(Dataset entries)
*-*-*
text \<open>A sign certificate, found by computer: each step fixes the sign of one bracket, either
  by a facet condition or by a Grassmann-Pluecker relation two of whose terms are known to have
  the same sign; the last relation has all three terms of the same sign.\<close>

lemma Delta_brackets_nonpos:
  assumes "bracket_function B" and sides: "Delta_facet_sides B"
  shows "\<not> 0 < B 1 2 3 5 6"
proof
  interpret bracket_function B by fact
  note sort_args [simp] Delta_facets_sorted [simp] Delta_vertices_def [simp]
  note facet = Delta_facet_sides_sgn[OF sides]
  assume "0 < B 1 2 3 5 6"
  then have [simp]: "sgn (B 1 2 3 5 6) = 1"
    by simp
  have [simp]: "sgn (B (-4) 1 2 3 5) = 1"
    using facet[of 1 2 3 5 6 "-4"] by simp
  have [simp]: "sgn (B (-2) 1 2 3 5) = 1"
    using facet[of 1 2 3 5 6 "-2"] by simp
  have [simp]: "sgn (B 1 2 4 5 6) = 1"
    using facet[of 1 2 5 6 3 4] by simp
  have [simp]: "sgn (B 2 3 4 5 6) = 1"
    using facet[of 2 3 5 6 1 4] by simp
  have [simp]: "sgn (B (-6) 3 4 5 6) = 1"
    using facet[of 3 4 5 6 2 "-6"] by simp
  have [simp]: "sgn (B (-1) 3 4 5 6) = 1"
    using facet[of 3 4 5 6 2 "-1"] by simp
  have [simp]: "sgn (B (-6) (-1) 3 4 5) = -1"
    using facet[of "-6" 3 4 5 6 "-1"] by simp
  have [simp]: "sgn (B (-6) (-4) 1 2 3) = 1"
    using facet[of "-4" 1 2 3 5 "-6"] by simp
  have [simp]: "sgn (B (-4) (-2) 1 3 5) = 1"
    using facet[of "-2" 1 3 5 2 "-4"] by simp
  have [simp]: "sgn (B (-2) (-1) 4 5 6) = -1"
    using facet[of "-1" 4 5 6 3 "-2"] by simp
  have [simp]: "sgn (B (-3) 1 2 4 6) = -1"
    using facet[of 1 2 4 6 5 "-3"] by simp
  have [simp]: "sgn (B (-6) (-4) (-2) 1 2) = 1"
    using facet[of "-6" "-4" 1 2 3 "-2"] by simp
  have [simp]: "sgn (B (-6) (-4) (-1) 1 2) = 1"
    using facet[of "-6" "-4" 1 2 3 "-1"] by simp
  have [simp]: "sgn (B (-6) (-4) 1 2 5) = 1"
    using facet[of "-6" "-4" 1 2 3 5] by simp
  have [simp]: "sgn (B (-6) (-4) (-1) 3 5) = -1"
    using facet[of "-6" "-1" 3 5 4 "-4"] by simp
  have [simp]: "sgn (B (-6) (-5) (-1) 4 5) = 1"
    using facet[of "-6" "-1" 4 5 3 "-5"] by simp
  have [simp]: "sgn (B (-6) (-4) (-1) 4 5) = 1"
    using facet[of "-6" "-1" 4 5 3 "-4"] by simp
  have [simp]: "sgn (B (-6) (-4) (-2) 1 5) = -1"
    using facet[of "-4" "-2" 1 5 3 "-6"] by simp
  have [simp]: "sgn (B (-3) (-1) 1 2 4) = 1"
    using facet[of "-3" 1 2 4 6 "-1"] by simp
  have [simp]: "sgn (B (-3) (-2) (-1) 4 6) = 1"
    using facet[of "-2" "-1" 4 6 5 "-3"] by simp
  have [simp]: "sgn (B (-6) (-5) (-4) (-1) 4) = 1"
    using facet[of "-6" "-5" "-1" 4 5 "-4"] by simp
  have [simp]: "sgn (B (-6) (-5) (-3) (-1) 4) = 1"
    using facet[of "-6" "-5" "-1" 4 5 "-3"] by simp
  have [simp]: "sgn (B (-6) (-5) (-2) (-1) 4) = 1"
    using facet[of "-6" "-5" "-1" 4 5 "-2"] by simp
  have [simp]: "sgn (B (-6) (-5) (-1) 2 4) = -1"
    using facet[of "-6" "-5" "-1" 4 5 2] by simp
  have [simp]: "sgn (B (-6) (-4) (-2) (-1) 3) = -1"
    using facet[of "-6" "-4" "-1" 3 5 "-2"] by simp
  have [simp]: "sgn (B (-6) (-3) (-2) (-1) 4) = 1"
    using facet[of "-3" "-2" "-1" 4 6 "-6"] by simp
  have [simp]: "sgn (B (-6) (-3) (-1) 2 4) = 1"
    using facet[of "-3" "-1" 2 4 1 "-6"] by simp
  have [simp]: "sgn (B (-6) (-4) (-2) (-1) 1) = -1"
    using facet[of "-6" "-4" "-2" "-1" 3 1] by simp
  have [simp]: "sgn (B (-6) (-4) (-2) (-1) 2) = -1"
    using facet[of "-6" "-4" "-2" "-1" 3 2] by simp
  have [simp]: "sgn (B (-6) (-4) (-2) (-1) 4) = -1"
    using facet[of "-6" "-4" "-2" "-1" 3 4] by simp
  have [simp]: "sgn (B (-6) (-4) (-2) (-1) 5) = -1"
    using facet[of "-6" "-4" "-2" "-1" 3 5] by simp
  have [simp]: "sgn (B (-6) (-4) (-3) (-1) 4) = -1"
    using grassmann_pluecker_sgn[of "-6" "-1" 4 "-5" "-4" "-3" "-2"] by simp
  have [simp]: "sgn (B (-6) (-4) (-1) 2 4) = 1"
    using grassmann_pluecker_sgn[of "-6" "-1" 4 "-5" 2 "-4" "-3"] by simp
  have [simp]: "sgn (B (-6) (-4) (-2) 2 5) = -1"
    using grassmann_pluecker_sgn[of "-6" "-4" "-2" "-1" 2 5 1] by simp
  have [simp]: "sgn (B (-6) (-4) (-1) 2 5) = -1"
    using grassmann_pluecker_sgn[of "-6" "-4" 2 "-2" 5 "-1" 1] by simp
  show False
    using grassmann_pluecker_sgn[of "-6" "-4" "-1" "-2" 2 4 5] by simp
qed

lemma no_Delta_brackets:
  assumes "bracket_function B" "Delta_facet_sides B"
  shows False
proof -
  have "0 < B 1 2 3 5 6 * B 1 2 3 5 6"
    using assms(2) by (simp add: Delta_facet_sides_def Delta_facets_sorted Delta_vertices_def)
  moreover have "\<not> 0 < B 1 2 3 5 6" "\<not> 0 < - B 1 2 3 5 6"
    using Delta_brackets_nonpos[OF assms]
      Delta_brackets_nonpos[OF bracket_function_uminus Delta_facet_sides_uminus, OF assms]
    by simp_all
  ultimately show False
    by (simp add: zero_less_mult_iff)
qed

theorem mainTheorem1:
  shows "\<not> (\<exists>P :: (real^4) set. simplicial_polytope P \<and> aff_dim P = 4 \<and>
                 boundary_complex_iso Delta_vertices Delta_faces P)"
proof
  assume "\<exists>P :: (real^4) set. simplicial_polytope P \<and> aff_dim P = 4 \<and>
                 boundary_complex_iso Delta_vertices Delta_faces P"
  then obtain P :: "(real^4) set" where "simplicial_polytope P"
    and "boundary_complex_iso Delta_vertices Delta_faces P"
    by blast
  then obtain f where "simplicial_realization P f Delta_vertices Delta_facets"
    by (rule Delta_simplicial_realization)
  then show False
    using no_Delta_brackets[OF orient_bracket_function orient_Delta_facet_sides] by blast
qed

end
*-*-*
(EXERCISE GOAL) All lines in the entries above that hold the word "shows" need to be copied.

(OUTPUT OF THE EXERCISE)
  shows "\<not> 0 < B 1 2 3 5 6"
  shows False
  shows "\<not> (\<exists>P :: (real^4) set. simplicial_polytope P \<and> aff_dim P = 4 \<and>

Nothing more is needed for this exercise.